However, their coefficients are typically twice longer than those of $f$ and $g$.
\item The solver is invoked recursively over $f'$ and $g'$, and yields
a solution $(F',G')$ such that $$f'G'-g'F' = q.$$
\item Unreduced values $(F,G)$ are generated, as:
\begin{equation}
\begin{array}{rcl}
F &=& F'(x^2)g'(x^2)/g(x) \mod \phi \\
G &=& G'(x^2)f'(x^2)/f(x) \mod \phi
\end{array}
\end{equation}
$F$ and $G$ are modulo $\phi$ (of degree $n$), and their coefficients
have a size which is about three times that of the coefficients of
inputs $f$ and $g$.
\item Babai's nearest plane algorithm is applied, to bring coefficients
of $F$ and $G$ down to that of the coefficients of $f$ and $g$.
\end{enumerate}
\subsubsection{RNS and NTT}
The operations implied in the recursion are much easier when operating
on the NTT representation of polynomials.
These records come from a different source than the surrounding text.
lemma T_flabby_lift:
  assumes "T_flabby T F res" "U \<in> T" "V \<in> T" "U \<subseteq> V" "t \<in> carrier (F U)"
  obtains s where "s \<in> carrier (F V)" "res V U s = t"
  using assms unfolding T_flabby_def by (metis imageE)

lemma T_flabby_sheaf_extend_pair:
  assumes sheaf: "T_sheaf T K F res" and flabby: "T_flabby T F res"
    and T: "A \<in> T" "C \<in> T" "B \<in> T" "A \<union> C \<in> T" and sub: "A \<subseteq> B" "C \<subseteq> B"
    and ac: "a \<in> carrier (F A)" "c \<in> carrier (F C)" "res A (A \<inter> C) a = res C (A \<inter> C) c"
  obtains y where "y \<in> carrier (F B)" "res B A y = a" "res B C y = c"
proof -
  have pre: "T_presheaf T K F res"
    using sheaf by (rule T_sheaf_presheaf)
  obtain t where t: "t \<in> carrier (F (A \<union> C))" "res (A \<union> C) A t = a" "res (A \<union> C) C t = c"
    using T_sheaf_glue_pair[OF sheaf T(1,2,4) ac] .
  obtain y where y: "y \<in> carrier (F B)" "res B (A \<union> C) y = t"
    using T_flabby_lift[OF flabby T(4,3) _ t(1)] sub by blast
  show thesis
  proof
    show "res B A y = a"
      using T_presheaf_res_trans[OF pre T(1,4,3) _ _ y(1)] sub y(2) t(2) by auto
    show "res B C y = c"
      using T_presheaf_res_trans[OF pre T(2,4,3) _ _ y(1)] sub y(2) t(3) by auto
  qed (fact y(1))
qed

definition T_exhaustion :: "'a set set \<Rightarrow> (nat \<Rightarrow> 'a set) \<Rightarrow> bool" where
  "T_exhaustion T W \<longleftrightarrow> (\<forall>n. W n \<in> T) \<and> incseq W \<and> (\<forall>V\<in>T. \<exists>n. V \<subseteq> W n)"

lemma T_exhaustionD:
  assumes "T_exhaustion T W"
  shows T_exhaustion_in: "W n \<in> T"
    and T_exhaustion_mono: "m \<le> n \<Longrightarrow> W m \<subseteq> W n"
    and T_exhaustion_cover: "V \<in> T \<Longrightarrow> \<exists>n. V \<subseteq> W n"
  using assms unfolding T_exhaustion_def by (simp_all add: monoD)

lemma T_exhaustion_partial_unions:
  assumes V: "\<forall>n. V n \<in> T" and union: "\<forall>A\<in>T. \<forall>B\<in>T. A \<union> B \<in> T"
    and cover: "\<forall>W\<in>T. \<exists>I. finite I \<and> W \<subseteq> (\<Union>n\<in>I. V n)"
  shows "T_exhaustion T (\<lambda>n. \<Union>i\<le>n. V i)"
  unfolding T_exhaustion_def
proof (intro conjI allI ballI)
  show "(\<Union>i\<le>n. V i) \<in> T" for n
  proof (induction n)
    case 0
    show ?case
      using V by simp
  next
    case (Suc n)
    have "(\<Union>i\<le>Suc n. V i) = V (Suc n) \<union> (\<Union>i\<le>n. V i)"
      by (simp add: atMost_Suc)
    then show ?case
      using union V Suc.IH by metis
  qed
  show "incseq (\<lambda>n. \<Union>i\<le>n. V i)"
    by (intro monoI UN_mono) auto
  fix W assume "W \<in> T"
  obtain I where "finite I" "W \<subseteq> (\<Union>n\<in>I. V n)"
    using bspec[OF cover \<open>W \<in> T\<close>] by (elim exE conjE)
  moreover obtain k where "\<forall>i\<in>I. i \<le> k"
    using \<open>finite I\<close> finite_nat_set_iff_bounded_le by blast
  ultimately show "\<exists>k. W \<subseteq> (\<Union>i\<le>k. V i)"
    by (intro exI[of _ k]) blast
qed

lemma compatible_sequence_res:
  assumes pre: "T_presheaf T K F res" and W: "T_exhaustion T W"
    and s: "\<forall>n. s n \<in> carrier (F (W n))" "\<forall>n. res (W (Suc n)) (W n) (s (Suc n)) = s n"
    and "m \<le> n"
  shows "res (W n) (W m) (s n) = s m"
  using \<open>m \<le> n\<close>
proof (induction n rule: dec_induct)
  case base
  show ?case
    using T_presheaf_res_id[OF pre T_exhaustion_in[OF W]] s(1) by blast
next
  case (step n)
  note WT = T_exhaustion_in[OF W] and mono = T_exhaustion_mono[OF W]
  have "res (W (Suc n)) (W m) (s (Suc n)) = res (W n) (W m) (res (W (Suc n)) (W n) (s (Suc n)))"
    using T_presheaf_res_trans[OF pre WT WT WT mono[OF step(1)] mono s(1)[rule_format]] by simp
  also have "\<dots> = s m"
    using s(2) step.IH by simp
  finally show ?case .
qed

lemma compatible_sequence_section:
  assumes pre: "T_presheaf T K F res" and W: "T_exhaustion T W"
    and s: "\<forall>n. s n \<in> carrier (F (W n))" "\<forall>n. res (W (Suc n)) (W n) (s (Suc n)) = s n"
  obtains g where "\<forall>V\<in>T. g V \<in> carrier (F V)"
    and "\<forall>V\<in>T. \<forall>V'\<in>T. V \<subseteq> V' \<longrightarrow> res V' V (g V') = g V"
    and "\<And>V n. V \<in> T \<Longrightarrow> V \<subseteq> W n \<Longrightarrow> g V = res (W n) V (s n)"
proof -
  note WT = T_exhaustion_in[OF W] and mono = T_exhaustion_mono[OF W]
    and cover = T_exhaustion_cover[OF W]
  have indep: "res (W n) V (s n) = res (W m) V (s m)"
    if "V \<in> T" "V \<subseteq> W m" "m \<le> n" for V m n
    using T_presheaf_res_trans[OF pre \<open>V \<in> T\<close> WT WT \<open>V \<subseteq> W m\<close> mono[OF \<open>m \<le> n\<close>] s(1)[rule_format]]
      compatible_sequence_res[OF pre W s \<open>m \<le> n\<close>] by simp
  define N where "N V = (LEAST n. V \<subseteq> W n)" for V
  define g where "g V = res (W (N V)) V (s (N V))" for V
  have g: "g V = res (W n) V (s n)" if "V \<in> T" "V \<subseteq> W n" for V n
  proof -
    have "V \<subseteq> W (N V)"
      unfolding N_def by (rule LeastI) (rule \<open>V \<subseteq> W n\<close>)
    moreover have "N V \<le> n"
      unfolding N_def by (rule Least_le) (rule \<open>V \<subseteq> W n\<close>)
    ultimately show ?thesis
      unfolding g_def by (rule indep[OF \<open>V \<in> T\<close>, symmetric])
  qed
  show thesis
  proof (rule that)
    show "\<forall>V\<in>T. g V \<in> carrier (F V)"
    proof
      fix V assume "V \<in> T"
      obtain n where n: "V \<subseteq> W n"
        using cover[OF \<open>V \<in> T\<close>] ..
      show "g V \<in> carrier (F V)"
        unfolding g[OF \<open>V \<in> T\<close> n]
        by (rule T_presheaf_res_carrier[OF pre \<open>V \<in> T\<close> WT n s(1)[rule_format]])
    qed
    show "\<forall>V\<in>T. \<forall>V'\<in>T. V \<subseteq> V' \<longrightarrow> res V' V (g V') = g V"
    proof (intro ballI impI)
      fix V V' assume V: "V \<in> T" "V' \<in> T" "V \<subseteq> V'"
      obtain n where n: "V' \<subseteq> W n"
        using cover[OF \<open>V' \<in> T\<close>] ..
      have "res V' V (g V') = res V' V (res (W n) V' (s n))"
        using g[OF \<open>V' \<in> T\<close> n] by simp
      also have "\<dots> = res (W n) V (s n)"
        by (rule T_presheaf_res_trans[OF pre V(1,2) WT V(3) n s(1)[rule_format]])
      also have "\<dots> = g V"
        by (rule g[symmetric, OF \<open>V \<in> T\<close> order_trans[OF \<open>V \<subseteq> V'\<close> n]])
      finally show "res V' V (g V') = g V" .
    qed
    show "g V = res (W n) V (s n)" if "V \<in> T" "V \<subseteq> W n" for V n
      using g that .
  qed
qed

lemma T_flabby_sequence_over_exhaustion:
  assumes sheaf: "T_sheaf T K F res" and flabby: "T_flabby T F res"
    and union: "\<forall>A\<in>T. \<forall>B\<in>T. A \<union> B \<in> T" and W: "T_exhaustion T W"
    and U: "\<forall>V\<in>T. U \<inter> V \<in> T" and f: "f \<in> Gamma_loc T F res U"
  obtains s where "\<forall>n. s n \<in> carrier (F (W n))"
    and "\<forall>n. res (W (Suc n)) (W n) (s (Suc n)) = s n"
    and "\<forall>n. res (W n) (U \<inter> W n) (s n) = f (W n)"
proof -
  note WT = T_exhaustion_in[OF W]
  have mono: "\<And>n. W n \<subseteq> W (Suc n)"
    using T_exhaustion_mono[OF W] by simp
  note fC = Gamma_loc_carrier[OF f]
  have UT: "\<And>V. V \<in> T \<Longrightarrow> U \<inter> V \<in> T"
    using U by simp
  define P where "P n x \<longleftrightarrow> x \<in> carrier (F (W n)) \<and> res (W n) (U \<inter> W n) x = f (W n)" for n x
  obtain x where "x \<in> carrier (F (W 0))" "res (W 0) (U \<inter> W 0) x = f (W 0)"
    using T_flabby_lift[OF flabby UT[OF WT] WT Int_lower2 fC[OF WT]] .
  then have "\<exists>x. P 0 x"
    unfolding P_def by blast
  moreover have "\<exists>y. P (Suc n) y \<and> res (W (Suc n)) (W n) y = x" if "P n x" for n x
  proof -
    let ?C = "U \<inter> W (Suc n)"
    have x: "x \<in> carrier (F (W n))" "res (W n) (U \<inter> W n) x = f (W n)"
      using \<open>P n x\<close> unfolding P_def by simp_all
    have C: "?C \<in> T" "W n \<union> ?C \<in> T"
      using UT[OF WT] union WT by simp_all
    have "W n \<inter> ?C = U \<inter> W n"
      using mono[of n] by blast
    then have "res (W n) (W n \<inter> ?C) x = res ?C (W n \<inter> ?C) (f (W (Suc n)))"
      using x(2) Gamma_loc_res[OF f WT WT mono[of n]] by simp
    then obtain y where "y \<in> carrier (F (W (Suc n)))" "res (W (Suc n)) (W n) y = x"
      "res (W (Suc n)) ?C y = f (W (Suc n))"
      by (rule T_flabby_sheaf_extend_pair[OF sheaf flabby WT C(1) WT C(2) mono[of n] Int_lower2
            x(1) fC[OF WT]])
    then show ?thesis
      unfolding P_def by blast
  qed
  ultimately obtain s where "\<forall>n. P n (s n) \<and> res (W (Suc n)) (W n) (s (Suc n)) = s n"
    using dependent_nat_choice[of P "\<lambda>n x y. res (W (Suc n)) (W n) y = x"] by blast
  then show thesis
    by (intro that[of s]) (simp_all add: P_def)
qed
Indeed, if working modulo $p$,
and $\omega$ is a root of $x^n+1$ modulo $p$, then:
\begin{equation}
\begin{array}{rcl}
f'(\omega^2) &=& N(f)(\omega^2) = f(\omega) f(-\omega) \\
F(\omega) &=& F'(\omega^2) g(-\omega)
\end{array}
\end{equation}
Therefore, the NTT representations of $f'$ and $g'$ can be easily computed
from the NTT representations of $f$ and $g$; and, similarly, the NTT
representation of $F$ and $G$ (unreduced) are as easily obtained from
the NTT representations of $F'$ and $G'$.
This naturally leads to the use of a Residue Number System (RNS), in
which a value $x$ is encoded as a sequence of values $x_j = x \bmod p_j$
for a number of distinct small primes $p_j$. In the \falcon reference
implementation, the $p_j$ are chosen such that $p_j < 2^{31}$ (to make
computations easy with pure integer arithmetics) and $p_j = 1 \bmod 2048$
(to allow the NTT to be applied).
Conversion from the RNS encoding to a plain integer in base $2^{31}$ is
a straightforward application of the Chinese Remainder Theorem; if done
prime by prime, then the only required big-integer primitives will be
additions, subtractions, and multiplication by a one-word value. In
general, coefficient values are signed, while the CRT yields values
ranging from $0$ to $\prod p_j - 1$; normalisation is applied by
assuming that the final value is substantially smaller, in absolute
value, than the product of the used primes $p_j$.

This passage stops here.